Frente a la convocatoria a
elecciones de legisladores, el periódico patrocinó
la candidatura a diputado por Pichincha de Vicente Rocafuerte,
quien había retornado a Guayaquil desde México
donde residió muchos años. El Congreso Nacional
se reunió a partir del 10 de septiembre de 1833. Cuatro
días más tarde Flores solicitó las facultades
extraordinarias y la mayoría servil, sin mayor reparo,
atendió la petición y además, para complacer
al gobernante descalificó al diputado Rocafuerte.
Rocafuerte diputado
La arbitrariedad no tuvo límite
alguno. Los adictos al régimen pisoteaban todo. Flores
ordenó el destierro de Vicente Rocafuerte, Pedro Moncayo,
Roberto Ascásubi y del señor Muñiz. Cuando
fueron trasladados Guayaquil para ser embarcados hacia extraños
destinos, el 12 de octubre de 1833 en el puerto estalló
la insurrección dirigida por Pedro Mena, que luego se
la conoció con el nombre de la "Revolución
de los Chiguaguas".
En esos mismos días
la juventud quiteña, enardecida ante la indignante mezcla
de corrupción y atropello que insultaba a la Patria, se
organizó para levantar al pueblo contra el gobierno. Entre
idealismo y espontaneidad se deslizó la inmadurez y el
exceso de confianza; tomaron contacto con un sargento de apellido
Peña y otro de nombre Segundo Medina, quienes aparentando
también ser opuestos al régimen lograron engañarles.
De común acuerdo trazaron un plan, a cambio de dinero
los dos militares debían desarmar a sus compañeros
y entregar las armas a los jóvenes patriotas.
La masacre de los patriotas
En la noche del 19 de octubre
de 1833, cerca de cien conjurados se reunieron en dos casas frente
a la Plaza de San Francisco, mientras otros estaban reunidos
en el atrio de la Catedral, diagonal a la Casa de Gobierno, con
treinta y ocho fusiles, catorce de los cuales eran de la época
de la Independencia desenterrados poco antes y los restantes
entregados por Pacífico Chiriboga.
Cuando todo parecía
estar listo, salió a flote la trampa forjada por el gobierno
de Flores. Sus agentes Peña y Medina eran provocadores
infiltrados entre los patriotas. El ejército estaba armado
y preparado para consumar una matanza, los partidarios del Presidente
estaban en la misma casa de gobierno para dirigir la operación.
El general Juan José Flores, salió de Quito el
día anterior con dirección a Latacunga, para que
nadie le acuse de haber dado la orden de la masacre; en su lugar,
en calidad de Encargado quedó el vicepresidente José
Modesto Larrea.
En medio de la noche y a la
hora en que debía producirse la insurrección, lo
que en realidad se desató fue una carnicería contra
los jóvenes patriotas. En lugar de entrega de armas, rugieron
los disparos, un grito de "Viva el Quiteño libre"

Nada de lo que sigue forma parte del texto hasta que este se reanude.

lemma mat_nonzero_index:
  assumes "X \<in> carrier_mat m n" "X \<noteq> 0\<^sub>m m n"
  obtains i j where "i < m" "j < n" "X $$ (i,j) \<noteq> 0"
proof -
  have "\<exists>i j. i < m \<and> j < n \<and> X $$ (i,j) \<noteq> 0"
  proof (rule ccontr)
    assume "\<nexists>i j. i < m \<and> j < n \<and> X $$ (i,j) \<noteq> 0"
    hence "X = 0\<^sub>m m n" using assms(1) by (intro eq_matI) auto
    thus False using assms(2) by simp
  qed
  thus ?thesis using that by blast
qed

lemma mat_inverse_of_trivial_kernel:
  fixes Q :: "'a :: field mat"
  assumes Q: "Q \<in> carrier_mat n n"
    and kernel: "\<And>v. v \<in> carrier_vec n \<Longrightarrow> Q *\<^sub>v v = 0\<^sub>v n \<Longrightarrow> v = 0\<^sub>v n"
  shows "Q * the (mat_inverse Q) = 1\<^sub>m n \<and> the (mat_inverse Q) * Q = 1\<^sub>m n
    \<and> the (mat_inverse Q) \<in> carrier_mat n n"
proof -
  have "Determinant.det Q \<noteq> 0" using det_0_iff_vec_prod_zero[OF Q] kernel by blast
  hence unit: "Q \<in> Units (ring_mat TYPE('a) n ())" by (rule det_non_zero_imp_unit[OF Q])
  show ?thesis
  proof (cases "mat_inverse Q")
    case None
    thus ?thesis using mat_inverse(1)[OF Q None, of "()"] unit by simp
  next
    case (Some Qi)
    thus ?thesis using mat_inverse(2)[OF Q Some] by simp
  qed
qed

lemma sum_lessThan_add:
  fixes f :: "nat \<Rightarrow> 'a::comm_monoid_add"
  shows "(\<Sum>c<a+b. f c) = (\<Sum>c<a. f c) + (\<Sum>j<b. f (a + j))"
  by (induct b) (simp_all add: ac_simps)

lemma frobenius_sq_add: assumes X: "X \<in> carrier_mat m n" and Y: "Y \<in> carrier_mat m n"
  shows "frobenius_sq (X + Y) = frobenius_sq X + frobenius_sq Y + 2 * frobenius_inner X Y"
proof -
  have "frobenius_sq (X + Y) = (\<Sum>i<m. \<Sum>j<n. (X $$ (i,j))^2 + (Y $$ (i,j))^2 + 2 * (X $$ (i,j) * Y $$ (i,j)))"
    using X Y by (auto simp: frobenius_sq_def power2_eq_square algebra_simps intro!: sum.cong)
  also have "\<dots> = frobenius_sq X + frobenius_sq Y + 2 * frobenius_inner X Y"
    using X Y by (simp add: frobenius_sq_def frobenius_inner_def sum.distrib sum_distrib_left)
  finally show ?thesis .
qed

lemma frobenius_inner_mult:
  assumes X: "X \<in> carrier_mat m n" and D: "D \<in> carrier_mat m k"
    and G: "G \<in> carrier_mat k n"
  shows "frobenius_inner X (D * G) = frobenius_inner (X * transpose_mat G) D"
proof -
  have "frobenius_inner X (D * G) = (\<Sum>i<m. \<Sum>c<n. X $$ (i,c) * (\<Sum>j<k. D $$ (i,j) * G $$ (j,c)))"
    using X D G
    by (auto simp: frobenius_inner_def scalar_prod_def atLeast0LessThan intro!: sum.cong)
  also have "\<dots> = (\<Sum>i<m. \<Sum>c<n. \<Sum>j<k. D $$ (i,j) * (X $$ (i,c) * G $$ (j,c)))"
    by (simp add: sum_distrib_left algebra_simps)
  also have "\<dots> = (\<Sum>i<m. \<Sum>j<k. \<Sum>c<n. D $$ (i,j) * (X $$ (i,c) * G $$ (j,c)))"
    by (intro sum.cong refl sum.swap)
  also have "\<dots> = (\<Sum>i<m. \<Sum>j<k. (\<Sum>c<n. X $$ (i,c) * G $$ (j,c)) * D $$ (i,j))"
    by (simp add: sum_distrib_left algebra_simps)
  also have "\<dots> = frobenius_inner (X * transpose_mat G) D" using X D G
      by (auto simp: frobenius_inner_def scalar_prod_def atLeast0LessThan intro!: sum.cong)
  finally show ?thesis .
qed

fue la valiente respuesta de la juventud idealista que saboreó
la traición. Las fuerzas del gobierno persiguieron a los
insurgentes. Calles, quebradas y montañas fueron las vías
del escape. Al amanecer el día 20 Quito fue testigo de
un cuadro de terror, los cadáveres desnudos del coronel
Hall, Albán, Conde, Echanique estaban colgados de los
postes.
Un nuevo baño se sangre
se consumó esa noche. La masacre no es extraña
para los héroes de la Patria. Huaynacápac hizo
pasar por las armas a 30.000 bravos caranquis en la laguna que
desde entonces se llama "Yaguarcocha" (Lago de sangre),
en 1593 la soldadesca limeña asesinó a los protagonistas
de la Revolución de las Alcabalas, en 1810 otra partida
de asesinos enviados desde esa misma ciudad, masacró a
los Próceres de nuestra Independencia.
Se puede asesinar a los héroes,
se puede romper las imprentas, silenciar las voces y clausurar
los periódicos, pero no se puede matar las ideas ni encadenar
la libertad. "El Quiteño Libre" es la expresión
de dignidad de la Patria Ecuatoriana.